Question

Proof the pascal’s law.

Answer 1

- Hint: Pascal’s law states that in a closed container if the fluid is in a rest condition (not moving) then a pressure change in one part of the container is transmitted to every part of the fluid and to the wall. In this phenomenon there is no loss of the fluid. In this principle the condition is that the gravity is neglected.
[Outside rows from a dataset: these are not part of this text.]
(* Let $S=K[x_1,\dots,x_n]$, let $I\subset S$ be an ideal generated by monomials of degree $\le d$, $R=S/I$, and let $c\ge1$ be an integer with $c\ge d-1$. Let $X$ be the set of residue classes in $R$ of the monomials of degree $c$ not in $I$ (a basis of $(R^{(c)})_1$) and $\mathcal F=\{(Y):Y\subseteq X\}$, a Koszul filtration of $R^{(c)}$. Then for every $u=0,\dots,c-1$ the Veronese module $V_u=\bigoplus_jR_{u+jc}$ has linear quotients with respect to $\mathcal F$ (in particular $V_u$ has a linear resolution over $R^{(c)}$).
   Context: $R^{(c)}=\bigoplus_jR_{jc}$ is standard graded with $R_{jc}$ in degree $j$, and $V_u$ is the graded $R^{(c)}$-module with degree-$j$ component $R_{u+jc}$. A Koszul filtration of a standard graded algebra $A$ is a set $\mathcal F$ of ideals such that: (i) each $I\in\mathcal F$ is generated in degree $1$; (ii) $0,\mathfrak m_A\in\mathcal F$; (iii) for every $I\in\mathcal F$, $I\ne0$, there is $J\in\mathcal F$ with $J\subset I$, $I/J$ cyclic and $J:I\in\mathcal F$. A module $M$ has linear quotients with respect to $\mathcal F$ if it is minimally generated by homogeneous $m_1,\dots,m_v$ with $\langle m_1,\dots,m_{i-1}\rangle:_Am_i\in\mathcal F$ for all $i$. A module generated in a single degree $e$ has a linear resolution if its regularity $\sup_i\{t_i^A(M)-i\}$ equals $e$, where $t_i^A(M)=\sup\{j:\operatorname{Tor}_i^A(M,K)_j\neq0\}$. *)

theory Defs
  imports "HOL-Library.Poly_Mapping"
begin

text \<open>Polynomial ring S = K[x_v : v in 'v] ('v finite, n = CARD('v)) modelled as
  finitely supported functions from monomials (exponent vectors 'v =>0 nat) to K.\<close>

type_synonym ('v, 'k) mpoly = "('v \<Rightarrow>\<^sub>0 nat) \<Rightarrow>\<^sub>0 'k"

definition mdeg :: "('v \<Rightarrow>\<^sub>0 nat) \<Rightarrow> nat" where
  "mdeg m = (\<Sum>v\<in>Poly_Mapping.keys m. Poly_Mapping.lookup m v)"

definition mon :: "('v \<Rightarrow>\<^sub>0 nat) \<Rightarrow> ('v, 'k::field) mpoly" where
  "mon m = Poly_Mapping.single m 1"

text \<open>A-linear span of B inside S: finite combinations with coefficients in A.
  With A = UNIV this is the ideal of S generated by B.\<close>
definition lin_span :: "('v, 'k::field) mpoly set \<Rightarrow> ('v, 'k) mpoly set \<Rightarrow> ('v, 'k) mpoly set" where
  "lin_span A B = {x. \<exists>F c. finite F \<and> F \<subseteq> B \<and> (\<forall>b\<in>F. c b \<in> A) \<and> x = (\<Sum>b\<in>F. c b * b)}"
(* For every $n\ge 1$, no orientation $\overrightarrow{K_{1,n}}$ of the star $K_{1,n}$ is $\{2\}$-antimagic.
   Context: An oriented graph $\overrightarrow{G}$ is a directed graph obtained from a simple undirected graph by giving each edge one direction. For vertices $u,v$, $d(u,v)$ is the length of a shortest directed path from $u$ to $v$ ($d(u,u)=0$, and $d(u,v)=\infty$ if there is no such path). Let $\partial=\max\{d(u,v)<\infty : u,v\in V(\overrightarrow{G})\}$. A distance set is a nonempty $D\subseteq\{0,1,\dots,\partial\}$. The $D$-neighborhood of $u$ is $N_D(u)=\{v : d(u,v)\in D\}$. For a bijection $f:V(\overrightarrow{G})\to\{1,\dots,|V(\overrightarrow{G})|\}$, the $D$-weight of $u$ is $\omega_D(u)=\sum_{v\in N_D(u)} f(v)$ (empty sum $=0$). $\overrightarrow{G}$ is $D$-antimagic if $D\subseteq\{0,\dots,\partial\}$ and there is such a bijection $f$ with all $D$-weights pairwise distinct. *)

theory Defs
  imports Main
begin

definition is_star :: "'a set \<Rightarrow> 'a set set \<Rightarrow> nat \<Rightarrow> bool" where
  "is_star V E n \<longleftrightarrow> finite V \<and> card V = n + 1 \<and>
     (\<exists>c\<in>V. E = {{c, v} | v. v \<in> V - {c}})"

definition oriented_graph :: "'a set \<Rightarrow> ('a \<times> 'a) set \<Rightarrow> bool" where
  "oriented_graph V A \<longleftrightarrow> finite V \<and> A \<subseteq> V \<times> V \<and>
     (\<forall>u v. (u, v) \<in> A \<longrightarrow> u \<noteq> v \<and> (v, u) \<notin> A)"

definition orientation_of :: "'a set \<Rightarrow> ('a \<times> 'a) set \<Rightarrow> 'a set set \<Rightarrow> bool" where
  "orientation_of V A E \<longleftrightarrow> oriented_graph V A \<and> E = {{u, v} | u v. (u, v) \<in> A}"

text \<open>d(u,v): length of a shortest directed path (= shortest directed walk) from u to v;
  meaningful only when v is reachable from u, i.e. (u,v) in A^*.\<close>
definition dist :: "('a \<times> 'a) set \<Rightarrow> 'a \<Rightarrow> 'a \<Rightarrow> nat" where
  "dist A u v = (LEAST k. (u, v) \<in> A ^^ k)"

definition max_dist :: "'a set \<Rightarrow> ('a \<times> 'a) set \<Rightarrow> nat" where
  "max_dist V A = Max {dist A u v | u v. u \<in> V \<and> v \<in> V \<and> (u, v) \<in> A\<^sup>*}"

definition D_nbhd :: "'a set \<Rightarrow> ('a \<times> 'a) set \<Rightarrow> nat set \<Rightarrow> 'a \<Rightarrow> 'a set" where
  "D_nbhd V A D u = {v \<in> V. (u, v) \<in> A\<^sup>* \<and> dist A u v \<in> D}"

definition D_weight :: "'a set \<Rightarrow> ('a \<times> 'a) set \<Rightarrow> nat set \<Rightarrow> ('a \<Rightarrow> nat) \<Rightarrow> 'a \<Rightarrow> nat" where
  "D_weight V A D f u = (\<Sum>v\<in>D_nbhd V A D u. f v)"

definition D_antimagic :: "'a set \<Rightarrow> ('a \<times> 'a) set \<Rightarrow> nat set \<Rightarrow> bool" where
  "D_antimagic V A D \<longleftrightarrow> D \<noteq> {} \<and> D \<subseteq> {0..max_dist V A} \<and>
     (\<exists>f. bij_betw f V {1..card V} \<and> inj_on (D_weight V A D f) V)"

end

theory Submission
  imports Defs
begin

text \<open>In an orientation of a star every arc meets the centre c, so a directed walk of length 2
  has c as its middle vertex. Hence no such walk starts at c, and none starts at some leaf:
  an out-neighbour of c if there is one, otherwise any leaf, as then no arc leaves c. These two
  vertices have empty {2}-neighbourhoods, hence equal {2}-weights 0 under every labelling.\<close>

lemma relpow_dist:
  assumes "(u, v) \<in> A\<^sup>*"
  shows "(u, v) \<in> A ^^ dist A u v"
proof -
  from assms obtain k where "(u, v) \<in> A ^^ k"
    using rtrancl_power by blast
  then show ?thesis
    unfolding dist_def by (rule LeastI)
qed

lemma D_nbhd_2_eq_empty:
  assumes "u \<notin> Domain (A O A)"
  shows "D_nbhd V A {2} u = {}"
proof (rule ccontr)
  assume "D_nbhd V A {2} u \<noteq> {}"
  then obtain v where "(u, v) \<in> A\<^sup>*" "dist A u v = 2"
    unfolding D_nbhd_def by auto
  then have "(u, v) \<in> A ^^ 2"
    using relpow_dist by fastforce
  then have "(u, v) \<in> A O A"
    by (simp add: numeral_2_eq_2)
  with assms show False
    by blast
qed

lemma D_antimagic_empty_D_nbhd_unique:
  assumes "D_antimagic V A D" "u \<in> V" "v \<in> V"
    and "D_nbhd V A D u = {}" "D_nbhd V A D v = {}"
  shows "u = v"
proof -
  from assms(1) obtain f where "inj_on (D_weight V A D f) V"
    unfolding D_antimagic_def by blast
  moreover have "D_weight V A D f u = D_weight V A D f v"
    using assms(4,5) unfolding D_weight_def by simp
  ultimately show ?thesis
    using assms(2,3) by (rule inj_onD)
qed

lemma orientation_of_star_obtains_centre:
  assumes "is_star V E n" "orientation_of V A E"
  obtains c where "c \<in> V" "card (V - {c}) = n" "\<And>u v. (u, v) \<in> A \<Longrightarrow> u = c \<or> v = c"
proof -
  from assms(1) obtain c where c: "c \<in> V" "E = {{c, v} | v. v \<in> V - {c}}"
    and "finite V" "card V = n + 1"
    unfolding is_star_def by blast
  then have "card (V - {c}) = n"
    by simp
  moreover have "u = c \<or> v = c" if "(u, v) \<in> A" for u v
  proof -
    have "{u, v} \<in> E"
      using assms(2) that unfolding orientation_of_def by blast
    then obtain w where "{u, v} = {c, w}"
      using c(2) by blast
    then show ?thesis
      by (metis doubleton_eq_iff)
  qed
  ultimately show thesis
    using c(1) that by blast
qed

lemma centre_notin_Domain_relcomp:
  assumes "oriented_graph V A" "\<And>u v. (u, v) \<in> A \<Longrightarrow> u = c \<or> v = c"
  shows "c \<notin> Domain (A O A)"
  using assms unfolding oriented_graph_def by blast

lemma leaf_notin_Domain_relcomp:
  assumes "oriented_graph V A" "\<And>u v. (u, v) \<in> A \<Longrightarrow> u = c \<or> v = c"
    and "V - {c} \<noteq> {}"
  obtains l where "l \<in> V" "l \<noteq> c" "l \<notin> Domain (A O A)"
proof (cases "c \<in> Domain A")
  case True
  then obtain l where "(c, l) \<in> A"
    by blast
  then show thesis
    using that assms(1,2) unfolding oriented_graph_def by blast
next
  case False
  then show thesis
    using that assms(2,3) by blast
qed

theorem mainTheorem3:
  fixes V :: "'a set" and E :: "'a set set" and A :: "('a \<times> 'a) set" and n :: nat
  assumes "n \<ge> 1"
    and "is_star V E n"
    and "orientation_of V A E"
  shows "\<not> D_antimagic V A {2}"
proof
  assume antimagic: "D_antimagic V A {2}"
  obtain c where c: "c \<in> V" "card (V - {c}) = n"
    and arcs: "\<And>u v. (u, v) \<in> A \<Longrightarrow> u = c \<or> v = c"
    using orientation_of_star_obtains_centre[OF assms(2,3)] by blast
  have oriented: "oriented_graph V A"
    using assms(3) unfolding orientation_of_def by blast
  have leaves: "V - {c} \<noteq> {}"
    using c(2) assms(1) by (metis card.empty not_one_le_zero)
  obtain l where "l \<in> V" "l \<noteq> c" "l \<notin> Domain (A O A)"
    using oriented arcs leaves by (rule leaf_notin_Domain_relcomp)
  moreover have "c \<notin> Domain (A O A)"
    using oriented arcs by (rule centre_notin_Domain_relcomp)
  ultimately show False
    using D_antimagic_empty_D_nbhd_unique[OF antimagic] D_nbhd_2_eq_empty c(1) by metis
qed

end
(* Fix an integer $k\ge 3$ and let $n$ be sufficiently large (so that $p\le 1$ below). Let $\widetilde G$ be a random graph drawn from $\mathcal{G}(n,p)$ with $p=1000k^2/n$. Then with probability $1-2^{-\Omega(n)}$, $\widetilde G$ has at most $2000k^2 n$ edges and is $\varepsilon$-far from being $K_k$-minor free for $\varepsilon=1/(50k^2)$.
   Context: $\mathcal{G}(n,p)$: graph on $n$ labelled vertices where each of the $\binom n2$ possible edges is present independently with probability $p$. A graph $G$ with $m$ edges is $\varepsilon$-far from being $K_k$-minor free if more than $\varepsilon m$ edges must be removed from $G$ so that the complete graph $K_k$ is not a minor of the resulting graph (a minor is a graph isomorphic to one obtained from a subgraph by edge contractions). The $\Omega(\cdot)$ hides a constant depending only on $k$. *)

theory Defs
  imports Complex_Main
begin

type_synonym 'a graph = "'a set \<times> 'a set set"

definition wf_graph :: "'a graph \<Rightarrow> bool" where
  "wf_graph G \<longleftrightarrow> finite (fst G) \<and>
     (\<forall>e\<in>snd G. \<exists>a b. a \<in> fst G \<and> b \<in> fst G \<and> a \<noteq> b \<and> e = {a, b})"

definition subgraph :: "'a graph \<Rightarrow> 'a graph \<Rightarrow> bool" where
  "subgraph H G \<longleftrightarrow> wf_graph H \<and> fst H \<subseteq> fst G \<and> snd H \<subseteq> snd G"

text \<open>Contraction of the edge {u,v}: vertex v is merged into u; loops and parallel
  edges are discarded (simple graph).\<close>
definition contract :: "'a graph \<Rightarrow> 'a \<Rightarrow> 'a \<Rightarrow> 'a graph" where
  "contract G u v =
     (fst G - {v},
      {e \<in> snd G. v \<notin> e} \<union> {{u, w} | w. {v, w} \<in> snd G \<and> w \<noteq> u})"

inductive contracts_to :: "'a graph \<Rightarrow> 'a graph \<Rightarrow> bool" where
  refl: "contracts_to G G"
| step: "{u, v} \<in> snd G \<Longrightarrow> u \<noteq> v \<Longrightarrow> contracts_to (contract G u v) H \<Longrightarrow> contracts_to G H"

definition is_complete_graph :: "nat \<Rightarrow> 'a graph \<Rightarrow> bool" where
  "is_complete_graph k H \<longleftrightarrow> finite (fst H) \<and> card (fst H) = k \<and>
     snd H = {{a, b} | a b. a \<in> fst H \<and> b \<in> fst H \<and> a \<noteq> b}"

definition has_K_minor :: "nat \<Rightarrow> 'a graph \<Rightarrow> bool" where
  "has_K_minor k G \<longleftrightarrow> (\<exists>S H. subgraph S G \<and> contracts_to S H \<and> is_complete_graph k H)"

definition far_from_K_minor_free :: "real \<Rightarrow> nat \<Rightarrow> 'a graph \<Rightarrow> bool" where
  "far_from_K_minor_free eps k G \<longleftrightarrow>
     (\<forall>F \<subseteq> snd G. \<not> has_K_minor k (fst G, snd G - F) \<longrightarrow>
        real (card F) > eps * real (card (snd G)))"

definition all_edges :: "nat \<Rightarrow> nat set set" where
  "all_edges n = {{a, b} | a b. a < n \<and> b < n \<and> a \<noteq> b}"

text \<open>Probability that G(n,p) (each of the n choose 2 edges present independently with
  probability p) satisfies property P.\<close>
definition gnp_prob :: "nat \<Rightarrow> real \<Rightarrow> (nat graph \<Rightarrow> bool) \<Rightarrow> real" where
  "gnp_prob n p P =
     (\<Sum>E \<in> {E. E \<subseteq> all_edges n \<and> P ({..<n}, E)}.
        p ^ card E * (1 - p) ^ (card (all_edges n) - card E))"

end

theory Submission
  imports Defs
begin

text \<open>Put \<open>a = n div (k + 2)\<close>. If every two disjoint \<open>a\<close>-sets of vertices are joined by an
  edge, then \<open>k\<close> disjoint connected \<open>a\<close>-sets can be chosen greedily (any \<open>3 a\<close> vertices contain a
  connected \<open>a\<close>-set), and contracting them gives \<open>K\<^sub>k\<close>. In \<open>G(n, p)\<close> with \<open>p = 1000 k\<^sup>2 / n\<close>,
  the exponential Markov inequality bounds the probability that a fixed pair of disjoint \<open>a\<close>-sets
  spans at most \<open>40 n\<close> edges by \<open>exp (- 125 n) 2 ^ (40 n)\<close>, small enough for a union bound over
  the at most \<open>4 ^ n\<close> pairs; likewise more than \<open>2000 k\<^sup>2 n\<close> edges occur with probability at most
  \<open>exp (- 2 n)\<close>. Outside these events, deleting \<open>\<epsilon> |E| \<le> 40 n\<close> edges still leaves every pair
  joined, hence a \<open>K\<^sub>k\<close>-minor.\<close>

section \<open>Connected vertex sets\<close>

definition connected_in :: "'a set set \<Rightarrow> 'a set \<Rightarrow> bool" where
  "connected_in E X \<longleftrightarrow> (\<forall>Y\<subseteq>X. Y \<noteq> {} \<longrightarrow> Y \<noteq> X \<longrightarrow> (\<exists>u\<in>Y. \<exists>w\<in>X - Y. {u, w} \<in> E))"

lemma connected_inD:
  "connected_in E X \<Longrightarrow> Y \<subseteq> X \<Longrightarrow> Y \<noteq> {} \<Longrightarrow> Y \<noteq> X \<Longrightarrow> \<exists>u\<in>Y. \<exists>w\<in>X - Y. {u, w} \<in> E"
  unfolding connected_in_def by blast

lemma connected_inI:
  "(\<And>Y. Y \<subseteq> X \<Longrightarrow> Y \<noteq> {} \<Longrightarrow> Y \<noteq> X \<Longrightarrow> \<exists>u\<in>Y. \<exists>w\<in>X - Y. {u, w} \<in> E) \<Longrightarrow> connected_in E X"
  unfolding connected_in_def by blast

lemma connected_in_singleton: "connected_in E {x}"
  by (rule connected_inI) blast

lemma connected_in_insert:
  assumes K: "connected_in E K" and "x \<in> K" "y \<notin> K" "{x, y} \<in> E"
  shows "connected_in E (insert y K)"
proof (rule connected_inI)
  fix Y assume Y: "Y \<subseteq> insert y K" "Y \<noteq> {}" "Y \<noteq> insert y K"
  show "\<exists>u\<in>Y. \<exists>w\<in>insert y K - Y. {u, w} \<in> E"
  proof (cases "Y - {y} \<subseteq> K \<and> Y - {y} \<noteq> {} \<and> Y - {y} \<noteq> K")
    case True
    with connected_inD[OF K] obtain u w where "u \<in> Y - {y}" "w \<in> K - (Y - {y})" "{u, w} \<in> E"
      by blast
    with \<open>y \<notin> K\<close> show ?thesis by blast
  next
    case False
    then consider "Y = {y}" | "Y = K" using Y by blast
    then show ?thesis
    proof cases
      case 1
      have "{y, x} \<in> E" using \<open>{x, y} \<in> E\<close> by (simp add: insert_commute)
      with 1 \<open>x \<in> K\<close> \<open>y \<notin> K\<close> show ?thesis by blast
    next
      case 2
      with \<open>x \<in> K\<close> \<open>y \<notin> K\<close> \<open>{x, y} \<in> E\<close> show ?thesis by blast
    qed
  qed
qed

lemma connected_in_mono:
  assumes "connected_in E C" and "\<And>y z. y \<in> C \<Longrightarrow> z \<in> C \<Longrightarrow> {y, z} \<in> E \<Longrightarrow> {y, z} \<in> E'"
  shows "connected_in E' C"
proof (rule connected_inI)
  fix Y assume Y: "Y \<subseteq> C" "Y \<noteq> {}" "Y \<noteq> C"
  with connected_inD[OF assms(1)] obtain y z where "y \<in> Y" "z \<in> C - Y" "{y, z} \<in> E"
    by blast
  with Y assms(2) show "\<exists>u\<in>Y. \<exists>w\<in>C - Y. {u, w} \<in> E'" by blast
qed
lemma parent_density_ge:
  assumes "parent j c"
  shows "4 * \<rho> j \<le> \<rho> c"
proof -
  have "j \<in> A" "c \<in> A" and same: "mach j = mach c"
    using parent_admitted[OF assms] parent_same_machine[OF assms] by auto
  then have "p (mach c) j > 0" using ptime_pos[OF \<open>j \<in> A\<close>] by simp
  then have "4 * dens p w (mach c) j \<le> \<rho> c"
    by (rule adm_cond_density_ge[OF parent_adm_cond[OF assms] eps_pos ptime_pos[OF \<open>c \<in> A\<close>] _
          weight_pos_admitted[OF \<open>j \<in> A\<close>]])
  then show ?thesis using same by simp
qed

lemma parent_dense_or_heavy:
  assumes "parent j c"
  shows "4 / \<delta> * \<rho> j \<le> \<rho> c \<or> 4 * w j \<le> w c"
proof -
  have "j \<in> A" "c \<in> A" and same: "mach j = mach c"
    using parent_admitted[OF assms] parent_same_machine[OF assms] by auto
  then have "p (mach c) j > 0" using ptime_pos[OF \<open>j \<in> A\<close>] by simp
  then have "8 / epsp \<epsilon> * dens p w (mach c) j \<le> \<rho> c \<or> 4 * w j \<le> w c"
    by (rule adm_cond_dense_or_heavy[OF parent_adm_cond[OF assms] eps_pos ptime_pos[OF \<open>c \<in> A\<close>] _
          weight_pos_admitted[OF \<open>j \<in> A\<close>]])
  moreover have "4 / \<delta> = 8 / epsp \<epsilon>" by simp
  ultimately show ?thesis using same by simp
qed

definition signed_weight :: "'j \<Rightarrow> real" where
  "signed_weight k = (if k \<in> finished then w k else - w k)"

definition balance :: "'j \<Rightarrow> real" where
  "balance j = (\<Sum>k\<in>forest.subtree j. signed_weight k)"

lemma balance_rec: "balance j = signed_weight j + (\<Sum>c\<in>forest.children j. balance c)"
  unfolding balance_def by (simp only: forest.sum_subtree[of _ j] forest.sum_descendants)

lemma descendant_work_rec:
  "descendant_work j = (\<Sum>c\<in>forest.children j. received c + descendant_work c)"
  unfolding descendant_work_def by (simp only: forest.sum_descendants[of _ j] forest.sum_subtree)

lemma descendant_work_nonneg: "0 \<le> descendant_work j"
  unfolding descendant_work_def by (simp add: sum_nonneg received_nonneg)

lemma child_charge_le:
  assumes "parent j c" and charged: "\<rho> c * (ptime c + descendant_work c) \<le> balance c"
  shows "\<rho> j * (received c + descendant_work c) \<le> balance c"
proof -
  have "j \<in> A" "c \<in> A" using parent_admitted[OF assms(1)] by auto
  then have "\<rho> j \<le> \<rho> c" using parent_density_ge[OF assms(1)] density_pos by force
  moreover have "received c + descendant_work c \<le> ptime c + descendant_work c"
    using received_le_ptime[OF \<open>c \<in> A\<close>] by simp
  ultimately have "\<rho> j * (received c + descendant_work c) \<le> \<rho> c * (ptime c + descendant_work c)"
    using density_pos[OF \<open>j \<in> A\<close>] received_nonneg descendant_work_nonneg
    by (intro mult_mono) (auto intro: add_nonneg_nonneg)
  then show ?thesis using charged by simp
qed

lemma heavy_child_charge_le:
  assumes "parent j c" "4 * w j \<le> w c"
    and charged: "\<rho> c * (ptime c + descendant_work c) \<le> balance c"
  shows "2 * w j + \<rho> j * (received c + descendant_work c) \<le> balance c"
proof -
  have "j \<in> A" "c \<in> A" using parent_admitted[OF assms(1)] by auto
  have dens: "4 * \<rho> j \<le> \<rho> c" by (rule parent_density_ge[OF assms(1)])
  have "\<rho> j * received c \<le> \<rho> j * ptime c"
    using received_le_ptime[OF \<open>c \<in> A\<close>] density_pos[OF \<open>j \<in> A\<close>] by simp
  also have "\<dots> \<le> \<rho> c / 4 * ptime c"
    using dens ptime_pos[OF \<open>c \<in> A\<close>] by (intro mult_right_mono) auto
  finally have "\<rho> j * received c \<le> w c / 4" using weight_eq[OF \<open>c \<in> A\<close>] by simp
  moreover have "\<rho> j * descendant_work c \<le> \<rho> c * descendant_work c"
    using dens density_pos[OF \<open>j \<in> A\<close>] descendant_work_nonneg by (intro mult_right_mono) auto
  moreover have "w c + \<rho> c * descendant_work c \<le> balance c"
    using charged weight_eq[OF \<open>c \<in> A\<close>] by (simp add: algebra_simps)
  ultimately show ?thesis using assms(2) weight_pos_admitted[OF \<open>j \<in> A\<close>] by (simp add: algebra_simps)
qed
Complete step-by-step answer:
Statement- The intensity of pressure at a point in a fluid at rest is the same in all directions. (neglecting the effect of gravity)
Proof:
Here from the above diagram let us assume that the $ {{ad,bd}} $ and $ {{cd}} $ are the areas of the faces ADFC,ADEB and BEFC.
And the forces acting on the faces of the triangular block are $ {{{F}}_{{{a,}}}}{{{F}}_{{b}}} $ and $ {{{F}}_{{c}}} $ , similarly let the pressure acting on the three faces $ {{{P}}_{1,}}{{{P}}_2} $ and $ {{{P}}_3} $ respectively.
We know that pressure is equal to the force divided by the area.
Mathematically,
 $ {{P = }}\dfrac{{{F}}}{{{A}}} $
So, from the above equation we can write the formula for the pressure force, that is,
 $ F = P \times A $
All the three pressures will exert a force on their respective faces normal to the surface.
Therefore, force $ {{{F}}_{{{a,}}}}{{{F}}_{{b}}} $ and $ {{{F}}_{{c}}} $ is given as:
 $ {{{F}}_{{a}}}{{ = }}{{{P}}_{{1}}}\times $ area of BEFC $ {{ = }}{{{P}}_{{1}}}\times cd $
 $ {{{F}}_{{b}}}{{ = }}{{{P}}_2} \times $ area of ADFC $ {{ = }}{{{P}}_2}\times ad $
 $ {{{F}}_{{c}}}{{ = }}{{{P}}_3}\times $ area of ADEB $ {{ = }}{{{P}}_3} \times bd $
In the above diagram let angle BAC= $ {{\theta }} $ ,
So now in the $ {{\Delta BAC}} $ ,
 $ {{sin\theta = }}\dfrac{{{b}}}{{{a}}} $ and $ {{cos\theta = }}\dfrac{{{c}}}{{{a}}} $
Since the above triangular block is in equilibrium then the net force on it will be zero.
So, balancing the forces for the triangular block to be in equilibrium,
 $ {{{F}}_{{a}}}{{ = }}{{{F}}_{{b}}}{{cos\theta }} $ ----equation (1)
and \[{{{F}}_{{b}}}{{sin\theta = }}{{{F}}_{{c}}}\]-----equation (2)
On putting the values of $ {{sin\theta }} $ and $ {{cos\theta }} $ value of the forces in the equation(1) and equation (2), we will get the relation as follows,
For equation (1),
 $ {P_{1}} \times cd = {P_{2}} \times ad \times \dfrac{c}{{a}} $
 $ {P_{1}}\times cd = {P_{2}} \times cd $
 $ {P_{1}} = {P_{2}} $ --------equation (3)
Similarly, for equation (2)
 $ {{{P}}_{{2}}}{{ \times ad \times }}\dfrac{{{b}}}{{{a}}} = {{{P}}_3}{{ \times bd}} $
 $ {{{P}}_{{2}}}{{ \times bd}} = {{{P}}_3}{{ \times bd}} $
  $ {{{P}}_{{2}}} = {{{P}}_3} $ ---------equation (4)
Now from equation (3) and equation (4), we see that $ {{{P}}_{{1}}}{{ = }}{{{P}}_{{2}}} $ and $ {{{P}}_{{2}}} = {{{P}}_3} $ , so this implies that all the values of the pressure are mutually equal to each other.
So, $ {{{P}}_1}{{ = }}{{{P}}_{{2}}} = {{{P}}_3} $
Hence proved.

Note: Applications of the pascal’s law are very useful in our day to day life and in some other industrial applications. Pascal’s law is used in:
Force amplification in braking systems of many vehicles
Hydraulic press.
Automatic lift (hydraulic jack) at many service stations.
Artesian wells
Water towers and
Dams, etc.